┌─ Records for this task

lemma taylor_coeffs_of_deriv_eq_p_beta:
  fixes f w :: "complex \<Rightarrow> complex"
  assumes holf: "f holomorphic_on ball 0 1" and holw: "w holomorphic_on ball 0 1" and w0: "w 0 = 0"
    and w_ne_1: "\<And>z. norm z < 1 \<Longrightarrow> w z \<noteq> 1"
    and df: "\<And>z. norm z < 1 \<Longrightarrow> deriv f z = p_beta \<beta> (w z)"
  shows "taylor_coeff f 2 = of_real (1 - \<beta>) * taylor_coeff w 1"
    and "taylor_coeff f 3 = 2/3 * of_real (1 - \<beta>) * (taylor_coeff w 1 ^ 2 + taylor_coeff w 2)"
    and "taylor_coeff f 4 = of_real (1 - \<beta>) / 2 *
           (taylor_coeff w 1 ^ 3 + 2 * taylor_coeff w 1 * taylor_coeff w 2 + taylor_coeff w 3)"
proof -
  define c where "c = complex_of_real (1 - 2*\<beta>)"
  define D where "D k = (deriv ^^ k) (deriv f) 0" for k
  define W where "W k = (deriv ^^ k) w 0" for k
  have holf': "deriv f holomorphic_on ball 0 1"
    using holf by (rule holomorphic_deriv) simp
  have "deriv f z - 1 = w z * (deriv f z + c)" if "z \<in> ball 0 1" for z
    using df[of z] w_ne_1[of z] that
    by (auto simp: p_beta_def c_def field_simps right_diff_distrib)
  then have rel: "D n = (\<Sum>i=0..n. of_nat (n choose i) * W i * (D (n - i) + (if i = n then c else 0)))"
    if "n \<ge> 1" for n
    unfolding D_def W_def using that by (intro higher_deriv_Leibniz_recursion[OF holf' holw]) auto
  have W0: "W 0 = 0" and D0: "D 0 = 1"
    using df[of 0] by (simp_all add: W_def D_def w0 p_beta_def)
  have s: "1 + c = 2 * of_real (1 - \<beta>)" by (simp add: c_def)
  have D1: "D 1 = W 1 * (1 + c)"
    using rel[of 1] W0 D0 by simp
  have D2: "D 2 = 2 * W 1 * D 1 + W 2 * (1 + c)"
    using rel[of 2] W0 D0 by (simp add: eval_nat_numeral)
  have D3: "D 3 = 3 * W 1 * D 2 + 3 * W 2 * D 1 + W 3 * (1 + c)"
    using rel[of 3] W0 D0 by (simp add: eval_nat_numeral)
  have f_coeff: "taylor_coeff f (Suc k) = D k / fact (Suc k)" for k
    by (simp add: taylor_coeff_def D_def funpow_Suc_right del: funpow.simps) (simp add: algebra_simps)
  have w_coeff: "taylor_coeff w k = W k / fact k" for k
    by (simp add: taylor_coeff_def W_def)
  have a2: "taylor_coeff f 2 = D 1 / 2" and a3: "taylor_coeff f 3 = D 2 / 6"
    and a4: "taylor_coeff f 4 = D 3 / 24"
    using f_coeff[of 1] f_coeff[of 2] f_coeff[of 3] by (simp_all add: eval_nat_numeral fact_numeral)
  show "taylor_coeff f 2 = of_real (1 - \<beta>) * taylor_coeff w 1"
    unfolding a2 w_coeff D1 s by simp
  show "taylor_coeff f 3 = 2/3 * of_real (1 - \<beta>) * (taylor_coeff w 1 ^ 2 + taylor_coeff w 2)"
    unfolding a3 w_coeff D2 D1 s by (simp add: fact_numeral field_simps power2_eq_square)
  show "taylor_coeff f 4 = of_real (1 - \<beta>) / 2 *
           (taylor_coeff w 1 ^ 3 + 2 * taylor_coeff w 1 * taylor_coeff w 2 + taylor_coeff w 3)"
    unfolding a4 w_coeff D3 D2 D1 s by (simp add: fact_numeral field_simps power3_eq_cube)
qed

└─

- _Goal of the exercise_
Identify each line in the entries with the word "holw" and copy it.

- _Exercise response_
  assumes holf: "f holomorphic_on ball 0 1" and holw: "w holomorphic_on ball 0 1" and w0: "w 0 = 0"
    unfolding D_def W_def using that by (intro higher_deriv_Leibniz_recursion[OF holf' holw]) auto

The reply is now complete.